Revisiting the outer-weakly convex domination number in graph products
Bijo S. Anand, Ullas Chandran S. V., Jonecis A. Dayap, Leomarich F. Casinillo, Karen Luz P. Yap
TL;DR
This work investigates the outer-weakly convex domination number $\widetilde{ \gamma}_{wcon}(G)$, a convexity-based domination parameter, across three standard graph products: Cartesian, strong, and lexicographic. The authors establish projection-based properties that yield lower and upper bounds for each product, and in several cases prove sharp results or exact values (e.g., $\widetilde{ \gamma}_{wcon}(G \boxtimes H)$ bounds and $\widetilde{ \gamma}_{wcon}(G \circ H)$ inequalities with the $\mathcal{P}_G$ parameter). Key contributions include tight bounds for $G \Box H$ and $G \boxtimes H$, plus a constructive upper bound for $G \circ H$ that tightens when $\mathcal{P}_G=0$. These results enhance understanding of how outer-weak convexity interacts with product operations, guiding future work on restricted graph classes and exact determinations. The findings have implications for convexity-driven domination in network design and analysis where graph products model composite systems.
Abstract
Let $G = (V, E)$ be a simple undirected graph. A set $C \subseteq V(G)$ is weakly convex of graph $G$ if for every two vertices $u,v\in G$, there exists a $u-v$ geodesic whose vertices are in $C$. A set $C \subseteq V$ is an outer-weakly convex dominating set if it is dominating set and every vertex not in $C$ is adjacent to some vertex in $C$ and a set $V(G)\setminus C$ is weakly convex.
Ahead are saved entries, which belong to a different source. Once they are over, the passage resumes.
definition int_implicative_opsubtraction :: "('o, 'm) cat \<Rightarrow> 'o \<Rightarrow> 'm \<Rightarrow> 'm \<Rightarrow> bool" where
  "int_implicative_opsubtraction C M s z \<longleftrightarrow>
     M \<in> Obj C \<and> s \<in> hom C (pobj C M M) M \<and> z \<in> hom C (term_obj C) M \<and>
     Comp C s (pair C M M (Id C M) (Id C M)) = Comp C z (bang C M) \<and>
     Comp C s (pair C M M (Comp C z (bang C M)) (Id C M)) = Id C M \<and>
     Comp C s (pair C M M (Id C M) (Comp C z (bang C M))) = Comp C z (bang C M)"

text \<open>An internal opimplicative subtraction in the category of internal unitary
  magmas on \<open>(M,mu,e)\<close>: the structure maps are magma morphisms and satisfy the
  identities (checked in the underlying category, since the forgetful functor
  preserves finite products and is faithful).\<close>
definition opimp_subtraction_in_UMag :: "('o, 'm) cat \<Rightarrow> 'o \<Rightarrow> 'm \<Rightarrow> 'm \<Rightarrow> 'm \<Rightarrow> 'm \<Rightarrow> bool" where
  "opimp_subtraction_in_UMag C M mu e s z \<longleftrightarrow>
     int_unitary_magma C M mu e \<and> int_opimplicative_subtraction C M s z \<and>
     binop_is_umagma_hom C M mu e s \<and> const_is_umagma_hom C M mu e z"

definition imp_opsubtraction_in_UMag :: "('o, 'm) cat \<Rightarrow> 'o \<Rightarrow> 'm \<Rightarrow> 'm \<Rightarrow> 'm \<Rightarrow> 'm \<Rightarrow> bool" where
  "imp_opsubtraction_in_UMag C M mu e s z \<longleftrightarrow>
     int_unitary_magma C M mu e \<and> int_implicative_opsubtraction C M s z \<and>
     binop_is_umagma_hom C M mu e s \<and> const_is_umagma_hom C M mu e z"

definition trivial_pi1 :: "'a topology \<Rightarrow> 'a \<Rightarrow> bool" where
  "trivial_pi1 X x0 \<longleftrightarrow>
     (\<forall>p. pathin X p \<and> p 0 = x0 \<and> p 1 = x0 \<longrightarrow>
        homotopic_with (\<lambda>q. q 0 = x0 \<and> q 1 = x0) (top_of_set {0..1}) X p (\<lambda>_. x0))"

end

theory Submission
  imports Defs
begin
The outer-weakly convex domination number of graph $G$, denoted by $\widetilde{ γ}_{wcon}(G)$, is the minimum cardinality of an outer-weakly convex dominating vertex set of graph $G$. In this paper, we determined the outer-weakly convex domination number of two graphs under the cartesian, strong and lexicographic products, and discuss some important combinatorial findings.